◆ WHAT YOU NEED TO DO: For each line of the listing that holds "Rightarrow", show the full line.

::: INPUT RECORDS :::

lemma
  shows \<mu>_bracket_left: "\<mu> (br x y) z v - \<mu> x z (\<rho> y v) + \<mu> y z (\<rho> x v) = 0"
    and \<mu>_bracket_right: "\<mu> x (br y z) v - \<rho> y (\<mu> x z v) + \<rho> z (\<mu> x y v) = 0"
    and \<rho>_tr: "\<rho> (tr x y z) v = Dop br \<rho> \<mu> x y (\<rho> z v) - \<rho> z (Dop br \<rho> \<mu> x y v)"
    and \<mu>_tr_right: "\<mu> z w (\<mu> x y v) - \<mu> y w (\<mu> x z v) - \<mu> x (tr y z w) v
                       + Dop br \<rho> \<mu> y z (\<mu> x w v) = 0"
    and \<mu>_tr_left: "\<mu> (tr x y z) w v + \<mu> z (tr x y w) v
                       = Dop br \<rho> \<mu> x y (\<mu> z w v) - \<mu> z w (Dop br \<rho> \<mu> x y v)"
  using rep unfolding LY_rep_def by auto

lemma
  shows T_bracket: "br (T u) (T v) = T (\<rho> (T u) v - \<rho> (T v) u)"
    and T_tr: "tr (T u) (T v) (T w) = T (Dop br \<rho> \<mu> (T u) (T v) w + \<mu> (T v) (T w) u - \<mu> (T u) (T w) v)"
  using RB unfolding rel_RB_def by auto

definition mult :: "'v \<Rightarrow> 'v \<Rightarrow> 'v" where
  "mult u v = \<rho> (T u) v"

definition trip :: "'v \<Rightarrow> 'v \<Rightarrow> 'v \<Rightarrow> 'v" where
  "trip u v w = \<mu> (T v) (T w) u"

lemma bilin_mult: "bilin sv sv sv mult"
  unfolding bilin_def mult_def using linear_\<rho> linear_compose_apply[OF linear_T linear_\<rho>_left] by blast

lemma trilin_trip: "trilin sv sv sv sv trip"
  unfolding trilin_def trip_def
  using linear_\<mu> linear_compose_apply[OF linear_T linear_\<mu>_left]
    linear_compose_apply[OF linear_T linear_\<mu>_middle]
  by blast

:::

◆ ANSWER SPACE:
definition mult :: "'v \<Rightarrow> 'v \<Rightarrow> 'v" where
definition trip :: "'v \<Rightarrow> 'v \<Rightarrow> 'v \<Rightarrow> 'v" where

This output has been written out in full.